I am interested in the following two problems: \begin{equation} \left\{ \begin{array}{ll} - \text{div} A(x)\nabla G(x,y) = \delta(x-y) & \text{in} \ \Omega \\ G=0 & \text{on} \ \partial \Omega \end{array} \right. \end{equation} \begin{equation} \left\{ \begin{array}{ll} - \text{div} A(x)\nabla G(x,y) = \delta(x-y) - \frac{1}{|\Omega|} & \text{in} \ \Omega \\ \left.\frac{\partial G(x,y)}{\partial n_x}\right|_{\partial \Omega}=0 & \text{on} \ \partial \Omega \end{array} \right. \end{equation}
That is, consider the greens function for general elliptic operator with Dirichlet and Neumann boundary conditions.
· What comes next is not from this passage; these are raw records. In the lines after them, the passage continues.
(* Let $k_1<k_2$ be integers with $k_1\ge 3$, and let $n$ be a positive integer. If $\nu_{k_1}(n)>0$, then $\nu_{k_2}(n+k_2-k_1)>0$.
   Context: For an integer $k\ge 3$ and a positive integer $n$, $\nu_k(n)$ denotes the number of $k$-tuples of integers $(x_1,\dots,x_k)$ with $1\le x_1\le x_2\le\dots\le x_k$ such that $x_1x_2\cdots x_k+x_1+x_2+\dots+x_k=n$. *)

theory Defs
  imports Main
begin

definition nu_tuples :: "nat \<Rightarrow> int \<Rightarrow> int list set" where
  "nu_tuples k n = {xs. length xs = k \<and> sorted xs \<and> (\<forall>x\<in>set xs. 1 \<le> x)
                        \<and> prod_list xs + sum_list xs = n}"

definition nu :: "nat \<Rightarrow> int \<Rightarrow> nat" where
  "nu k n = card (nu_tuples k n)"

end

theory Submission
  imports Defs
begin

text \<open>Prepending ones to a solution keeps the list sorted, leaves the product unchanged and
  raises the sum by the number of ones added; hence a solution of length \<open>k\<^sub>1\<close> for \<open>n\<close> yields
  one of length \<open>k\<^sub>2\<close> for \<open>n + k\<^sub>2 - k\<^sub>1\<close>.\<close>

lemma prod_list_ge_1:
  fixes xs :: "'a::linordered_nonzero_semiring list"
  assumes "\<forall>x\<in>set xs. 1 \<le> x"
  shows "1 \<le> prod_list xs"
  using assms
proof (induction xs)
  case (Cons a xs)
  then have "1 * 1 \<le> a * prod_list xs"
    by (intro mult_mono') auto
  then show ?case by simp
qed simp

lemma member_le_sum_list:
  fixes xs :: "'a::ordered_comm_monoid_add list"
  assumes "\<forall>x\<in>set xs. 0 \<le> x" and "y \<in> set xs"
  shows "y \<le> sum_list xs"
  using assms
proof (induction xs)
  case (Cons a xs)
  have "0 \<le> sum_list xs" using Cons.prems(1) by (intro sum_list_nonneg) auto
  then show ?case using Cons by (auto intro: add_increasing add_increasing2)
qed simp

text \<open>Needed because \<open>nu\<close> is a cardinality, which is \<open>0\<close> on infinite sets; every entry
  lies in \<open>{1..n}\<close>, being bounded by the sum.\<close>

lemma finite_nu_tuples: "finite (nu_tuples k n)"
proof (rule finite_subset)
  show "nu_tuples k n \<subseteq> {xs. set xs \<subseteq> {1..n} \<and> length xs = k}"
  proof
    fix xs assume "xs \<in> nu_tuples k n"
    then have xs: "length xs = k" "\<forall>x\<in>set xs. 1 \<le> x" "prod_list xs + sum_list xs = n"
      by (auto simp: nu_tuples_def)
    have "1 \<le> prod_list xs" using prod_list_ge_1 xs(2) .
    moreover have "y \<le> sum_list xs" if "y \<in> set xs" for y
      using member_le_sum_list[of xs y] xs(2) that by force
    ultimately show "xs \<in> {xs. set xs \<subseteq> {1..n} \<and> length xs = k}" using xs by force
  qed
  show "finite {xs. set xs \<subseteq> {1..n} \<and> length xs = k}"
    by (rule finite_lists_length_eq) simp
qed

lemma nu_pos_iff: "nu k n > 0 \<longleftrightarrow> nu_tuples k n \<noteq> {}"
  unfolding nu_def using finite_nu_tuples by (simp add: card_gt_0_iff)

lemma replicate_ones_append_in_nu_tuples:
  assumes "xs \<in> nu_tuples k n"
  shows "replicate m 1 @ xs \<in> nu_tuples (m + k) (n + int m)"
  using assms by (auto simp: nu_tuples_def sorted_append sum_list_replicate)

theorem proposition3:
  fixes k1 k2 :: nat and n :: int
  assumes "3 \<le> k1" and "k1 < k2" and "0 < n"
    and "nu k1 n > 0"
  shows "nu k2 (n + int k2 - int k1) > 0"
proof -
  from assms(4) obtain xs where "xs \<in> nu_tuples k1 n"
    by (auto simp: nu_pos_iff)
  then have "replicate (k2 - k1) 1 @ xs \<in> nu_tuples (k2 - k1 + k1) (n + int (k2 - k1))"
    by (rule replicate_ones_append_in_nu_tuples)
  moreover have "k2 - k1 + k1 = k2" and "n + int (k2 - k1) = n + int k2 - int k1"
    using assms(2) by simp_all
  ultimately show ?thesis
    by (auto simp: nu_pos_iff algebra_simps)
qed

end
theorem corollary3:
  fixes N :: nat and E :: "nat \<Rightarrow> real" and lhat :: profile
  assumes N: "N \<ge> 1"
    and Epos: "\<forall>n\<in>{1..N}. E n > 0"
    and hat_feas: "\<forall>n\<in>{1..N}. feasible E n (lhat n)"
    and peak: "loadP N lhat \<ge> total_energy N E / 2"
    and offpeak: "total_energy N E / 2 \<ge> loadO N lhat"
  shows
    "((\<forall>n\<in>{1..N}. fst (lhat n) / E n + 1/2 \<ge> loadP N lhat / total_energy N E) \<longrightarrow>
       (\<forall>\<alpha>\<in>{0..1}. \<forall>l. is_NE (cost_DP \<alpha> N E lhat) N E l \<longrightarrow>
          loadP N l = total_energy N E / 2 + \<alpha> * (loadP N lhat - loadO N lhat) / 2))
     \<and>
     ((\<forall>n\<in>{1..N}. 2 * (real N - 1) * fst (lhat n) \<ge> (loadP N lhat - loadO N lhat) - E n) \<longrightarrow>
       (\<forall>\<alpha>\<in>{0..1}. \<forall>l. is_NE (cost_HP \<alpha> N lhat) N E l \<longrightarrow>
          loadP N l = total_energy N E / 2 + phi N \<alpha> * (loadP N lhat - loadO N lhat) / 2))"
proof -
  have hat_peak: "loadO N lhat \<le> loadP N lhat" using peak offpeak by linarith
  show ?thesis
  proof (intro conjI impI ballI allI)
    fix \<alpha> :: real and l
    assume "\<forall>n\<in>{1..N}. fst (lhat n) / E n + 1/2 \<ge> loadP N lhat / total_energy N E"
      and "\<alpha> \<in> {0..1}" and "is_NE (cost_DP \<alpha> N E lhat) N E l"
    then show "loadP N l = total_energy N E / 2 + \<alpha> * (loadP N lhat - loadO N lhat) / 2"
      by (intro loadP_at_NE_DP[OF N Epos hat_feas hat_peak]) auto
  next
    fix \<alpha> :: real and l
    assume "\<forall>n\<in>{1..N}. 2 * (real N - 1) * fst (lhat n) \<ge> (loadP N lhat - loadO N lhat) - E n"
      and "\<alpha> \<in> {0..1}" and "is_NE (cost_HP \<alpha> N lhat) N E l"
    then show "loadP N l = total_energy N E / 2 + phi N \<alpha> * (loadP N lhat - loadO N lhat) / 2"
      by (intro loadP_at_NE_HP[OF N Epos hat_feas hat_peak]) auto
  qed
qed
What are the conditions on $A(x)$ and $\Omega$ that ensure the Greens function exists?
Here $A(x)$ is the usual elliptic matrix which has the bounds $|\zeta|^2\lambda \leq A(x)\zeta \zeta^t \leq \Lambda |\zeta|^2 $ and $\Omega$ is a BOUNDED domain.
Any references would be very helpful. I am mainly interested in the case when $\Omega$ is convex, so how much regularity should I assume on $A(x)$? Can I take any measurable $A$? If yes, please let me know the reference.